#### Problem details:
With the material below, print exactly the lines between the line holding "1. exp (-1)" and the line holding "using grid_point_near[OF l] by blast", inclusive. Add nothing else.
★ ★ ★ ★ ★ ★ ★
lemma admissible_weights_above_if_dual_small:
  assumes n: "n \<ge> 1" and mu: "\<mu> < 1" and l: "0 < l" "l \<le> 1"
    and pos: "\<forall>k<n. 0 < dual_factor \<mu> l (x k)"
    and slope: "dual_slope n x \<mu> l = 0 \<or> (l = 1 \<and> dual_slope n x \<mu> 1 \<le> 0)"
    and small: "(\<Prod>k<n. dual_factor \<mu> l (x k)) < exp (real n * \<epsilon>)"
  shows "\<exists>q q0. admissible_weights n q q0 \<and> weights_KL n q < \<epsilon> \<and> \<mu> < weighted_mean n q q0 x"
proof -
  define G where "G = (\<Sum>k<n. ln (dual_factor \<mu> l (x k))) / real n"
  have "real n * G = ln (\<Prod>k<n. dual_factor \<mu> l (x k))"
    unfolding G_def using n pos by (subst ln_prod) auto
  also have "\<dots> < ln (exp (real n * \<epsilon>))"
    using small pos by (subst ln_less_cancel_iff) (auto intro!: prod_pos)
  finally have G: "G < \<epsilon>" using n by simp
  define \<theta> where "\<theta> = exp ((G - \<epsilon>) / 2)"
  have \<theta>: "0 < \<theta>" "\<theta> < 1" unfolding \<theta>_def using G by auto
  have slope_le: "dual_slope n x \<mu> l \<le> 0" and stationary: "(1 - l) * dual_slope n x \<mu> l = 0"
    using slope by auto
  let ?q = "dual_weights n x \<mu> l \<theta>"
  have "admissible_weights n ?q (1 - (\<Sum>k<n. ?q k))"
    using \<theta> l by (intro admissible_dual_weights[OF n mu \<theta>(1) _ _ pos slope_le]) auto
  moreover have "weights_KL n ?q < \<epsilon>"
  proof -
    have "weights_KL n ?q = G - (G - \<epsilon>) / 2"
      unfolding weights_KL_dual_weights[OF n \<theta>(1) pos] G_def[symmetric] by (simp add: \<theta>_def)
    with G show ?thesis by (simp add: field_simps)
  qed
  moreover have "\<mu> < weighted_mean n ?q (1 - (\<Sum>k<n. ?q k)) x"
  proof -
    have "\<theta> * (1 - \<mu>) < 1 * (1 - \<mu>)" using \<theta> mu by (intro mult_strict_right_mono) auto
    then show ?thesis unfolding weighted_mean_dual_weights[OF n mu pos stationary] by simp
  qed
  ultimately show ?thesis by blast
qed

lemma dual_factor_prod_ge_if_Kinf_ge:
  assumes n: "n \<ge> 1" and mu: "0 < \<mu>" "\<mu> < 1" and eps: "\<epsilon> > 0"
    and cube: "\<forall>k<n. x k \<in> {0..1}"
    and dual: "\<forall>q q0. admissible_weights n q q0 \<and> weights_KL n q < \<epsilon> \<longrightarrow> weighted_mean n q q0 x \<le> \<mu>"
  shows "\<exists>l. 0 \<le> l \<and> l \<le> 1 \<and> exp (real n * \<epsilon>) \<le> (\<Prod>k<n. dual_factor \<mu> l (x k))"
proof (rule ccontr)
  assume small: "\<not> ?thesis"
  have no_weights: "\<not> (admissible_weights n q q0 \<and> weights_KL n q < \<epsilon> \<and> \<mu> < weighted_mean n q q0 x)"
    for q q0
    using dual not_le by blast
  show False
  proof (cases "real n * \<mu> \<le> (\<Sum>k<n. x k)")
    case True
    with no_weights show False using admissible_weights_above_if_average_ge[OF n mu(2) eps] by blast
  next
    case False
    then obtain l where l: "0 < l" "l \<le> 1" "\<forall>k<n. 0 < dual_factor \<mu> l (x k)"
        "dual_slope n x \<mu> l = 0 \<or> (l = 1 \<and> dual_slope n x \<mu> 1 \<le> 0)"
      using dual_slope_root[OF mu cube] by (meson not_le)
    moreover have "(\<Prod>k<n. dual_factor \<mu> l (x k)) < exp (real n * \<epsilon>)"
      using small l(1,2) less_imp_le not_le by blast
    ultimately show False
      using admissible_weights_above_if_dual_small[OF n mu(2)] no_weights by blast
  qed
qed

section \<open>Discretising the dual variable\<close>

lemma dual_factor_affine: "dual_factor \<mu> l y = 1 - l * ((y - \<mu>) / (1 - \<mu>))"
  unfolding dual_factor_def by simp

text \<open>Moving \<open>l\<close> towards \<open>0\<close> or \<open>1\<close> costs at most a factor \<open>\<theta>\<close>, because \<open>dual_factor\<close> is affine
  in \<open>l\<close>, equal to \<open>1\<close> at \<open>l = 0\<close> and nonnegative at \<open>l = 1\<close>.\<close>
lemma dual_factor_shrink_towards_zero:
  assumes "0 \<le> \<theta>" "\<theta> \<le> 1"
  shows "\<theta> * dual_factor \<mu> l y \<le> dual_factor \<mu> (\<theta> * l) y"
proof -
  have "\<And>a. 1 - \<theta> * l * a = \<theta> * (1 - l * a) + (1 - \<theta>)"
    by (simp add: algebra_simps)
  then have "dual_factor \<mu> (\<theta> * l) y = \<theta> * dual_factor \<mu> l y + (1 - \<theta>)"
    unfolding dual_factor_affine .
  then show ?thesis using assms by simp
qed

lemma dual_factor_shrink_towards_one:
  assumes "\<mu> < 1" "0 \<le> \<theta>" "\<theta> \<le> 1" "y \<le> 1"
  shows "\<theta> * dual_factor \<mu> l y \<le> dual_factor \<mu> (1 - \<theta> * (1 - l)) y"
proof -
  have "\<And>a. 1 - (1 - \<theta> * (1 - l)) * a = \<theta> * (1 - l * a) + (1 - \<theta>) * (1 - 1 * a)"
    by (simp add: algebra_simps)
  then have "dual_factor \<mu> (1 - \<theta> * (1 - l)) y = \<theta> * dual_factor \<mu> l y + (1 - \<theta>) * dual_factor \<mu> 1 y"
    unfolding dual_factor_affine .
  moreover have "0 \<le> dual_factor \<mu> 1 y" using assms by (intro dual_factor_nonneg) auto
  ultimately show ?thesis using assms by simp
qed

lemma grid_point_near:
  fixes l :: real
  assumes l: "0 \<le> l" "l \<le> 1"
  shows "\<exists>j\<le>n + 1. \<exists>\<theta>. real n / (real n + 1) \<le> \<theta> \<and> \<theta> \<le> 1 \<and>
           (real j / (real n + 1) = \<theta> * l \<or> real j / (real n + 1) = 1 - \<theta> * (1 - l))"
proof -
  define N where "N = real n + 1"
  have N: "N > 0" unfolding N_def by simp
  define j where "j = nat \<lfloor>l * N\<rfloor>"
  have j: "real j \<le> l * N" "l * N < real j + 1"
    unfolding j_def using l N by (simp_all add: of_nat_nat)
  show ?thesis
  proof (cases "real n * l \<le> real j")
    case True
    show ?thesis
    proof (cases "l = 0")
      case True
      then show ?thesis by (intro exI[of _ 0]) (auto intro!: exI[of _ 1] simp: field_simps)
    next
      case False
      define \<theta> where "\<theta> = real j / N / l"
      have "real n / N \<le> \<theta>" "\<theta> \<le> 1" "real j / N = \<theta> * l"
        unfolding \<theta>_def using \<open>real n * l \<le> real j\<close> j False l N by (auto simp: field_simps)
      moreover have "j \<le> n + 1" using j l N unfolding N_def by (smt (verit) mult_left_le_one_le of_nat_le_iff of_nat_1 of_nat_add)
      ultimately show ?thesis unfolding N_def by blast
    qed
  next
    case False
    have "real n * l \<le> real n" using l by (simp add: mult_left_le)
    with False j have l1: "l < 1" and jn: "real j + 1 \<le> N"
      unfolding N_def by (auto simp: algebra_simps)
    define \<theta> where "\<theta> = (1 - (real j + 1) / N) / (1 - l)"
    have "real n * (1 - l) \<le> N - (real j + 1)"
      using False unfolding N_def by (simp add: algebra_simps)
    then have "real n * (1 - l) / N \<le> (N - (real j + 1)) / N"
      using N by (intro divide_right_mono) auto
    also have "\<dots> = 1 - (real j + 1) / N"
      using N by (simp add: diff_divide_distrib)
    finally have "real n * (1 - l) / N \<le> 1 - (real j + 1) / N" .
    then have "real n / N \<le> \<theta>"
      unfolding \<theta>_def using l1 N by (simp add: field_simps)
    moreover have "\<theta> \<le> 1" "real (Suc j) / N = 1 - \<theta> * (1 - l)"
      unfolding \<theta>_def using j jn l1 N by (auto simp: field_simps)
    moreover have "Suc j \<le> n + 1" using jn unfolding N_def by linarith
    ultimately show ?thesis unfolding N_def by blast
  qed
qed

lemma exp_minus_one_le_power: "exp (-1) \<le> (real n / (real n + 1)) ^ n"
proof (cases "n = 0")
  case False
  then have "1 + 1 / real n \<le> exp (1 / real n)" by (intro exp_ge_add_one_self)
  then have "exp (- (1 / real n)) \<le> real n / (real n + 1)"
    using False by (simp add: exp_minus field_simps)
  then have "exp (- (1 / real n)) ^ n \<le> (real n / (real n + 1)) ^ n"
    by (intro power_mono) auto
  then show ?thesis using False by (simp add: exp_of_nat_mult[symmetric])
qed simp

lemma dual_factor_prod_grid:
  assumes mu: "\<mu> < 1" and l: "0 \<le> l" "l \<le> 1" and cube: "\<forall>k<n. x k \<in> {0..1}"
  shows "\<exists>j\<le>n + 1. exp (-1) * (\<Prod>k<n. dual_factor \<mu> l (x k))
                    \<le> (\<Prod>k<n. dual_factor \<mu> (real j / (real n + 1)) (x k))"
proof -
  obtain j \<theta> where j: "j \<le> n + 1" and \<theta>: "real n / (real n + 1) \<le> \<theta>" "\<theta> \<le> 1"
    and grid: "real j / (real n + 1) = \<theta> * l \<or> real j / (real n + 1) = 1 - \<theta> * (1 - l)"
    using grid_point_near[OF l] by blast
  have \<theta>0: "0 \<le> \<theta>" using \<theta>(1) by (smt (verit) divide_nonneg_nonneg of_nat_0_le_iff)
  have factor: "\<theta> * dual_factor \<mu> l y \<le> dual_factor \<mu> (real j / (real n + 1)) y" if "y \<le> 1" for y
    using grid dual_factor_shrink_towards_zero[OF \<theta>0 \<theta>(2)]
      dual_factor_shrink_towards_one[OF mu \<theta>0 \<theta>(2) that] by auto
  have "exp (-1) * (\<Prod>k<n. dual_factor \<mu> l (x k)) \<le> \<theta> ^ n * (\<Prod>k<n. dual_factor \<mu> l (x k))"
    using exp_minus_one_le_power[of n] power_mono[OF \<theta>(1), of n] cube mu l
    by (intro mult_right_mono prod_nonneg dual_factor_nonneg) auto
  also have "\<dots> = (\<Prod>k<n. \<theta> * dual_factor \<mu> l (x k))"
    by (simp add: prod.distrib)
  also have "\<dots> \<le> (\<Prod>k<n. dual_factor \<mu> (real j / (real n + 1)) (x k))"
    using cube mu l \<theta>0 factor by (intro prod_mono) (auto intro!: mult_nonneg_nonneg dual_factor_nonneg)
  finally show ?thesis using j by blast
qed

lemma dual_factor_prod_grid_if_Kinf_ge:
  assumes n: "n \<ge> 1" and mu: "0 < \<mu>" "\<mu> < 1" and eps: "\<epsilon> > 0" and cube: "\<forall>k<n. x k \<in> {0..1}"
    and Kinf: "ereal \<epsilon> \<le> Kinf (empirical n x) \<mu>"
  shows "\<exists>j\<le>n + 1. exp (real n * \<epsilon> - 1) \<le> (\<Prod>k<n. dual_factor \<mu> (real j / (real n + 1)) (x k))"
proof -
  have "\<forall>q q0. admissible_weights n q q0 \<and> weights_KL n q < \<epsilon> \<longrightarrow> weighted_mean n q q0 x \<le> \<mu>"
    using Kinf cube Kinf_empirical_ge_iff[OF n] by blast
  then obtain l where l: "0 \<le> l" "l \<le> 1" and large: "exp (real n * \<epsilon>) \<le> (\<Prod>k<n. dual_factor \<mu> l (x k))"
    using dual_factor_prod_ge_if_Kinf_ge[OF n mu eps cube] by blast
  obtain j where "j \<le> n + 1"
    and j: "exp (-1) * (\<Prod>k<n. dual_factor \<mu> l (x k)) \<le> (\<Prod>k<n. dual_factor \<mu> (real j / (real n + 1)) (x k))"
    using dual_factor_prod_grid[OF mu(2) l cube] by blast
  have "exp (real n * \<epsilon> - 1) = exp (-1) * exp (real n * \<epsilon>)" by (simp add: exp_add[symmetric])
  also have "\<dots> \<le> exp (-1) * (\<Prod>k<n. dual_factor \<mu> l (x k))" using large by simp
  finally show ?thesis using j \<open>j \<le> n + 1\<close> by (meson order_trans)
qed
★ ★ ★ ★ ★ ★ ★
#### Task solution:
  shows "\<exists>j\<le>n + 1. exp (-1) * (\<Prod>k<n. dual_factor \<mu> l (x k))
                    \<le> (\<Prod>k<n. dual_factor \<mu> (real j / (real n + 1)) (x k))"
proof -
  obtain j \<theta> where j: "j \<le> n + 1" and \<theta>: "real n / (real n + 1) \<le> \<theta>" "\<theta> \<le> 1"
    and grid: "real j / (real n + 1) = \<theta> * l \<or> real j / (real n + 1) = 1 - \<theta> * (1 - l)"
    using grid_point_near[OF l] by blast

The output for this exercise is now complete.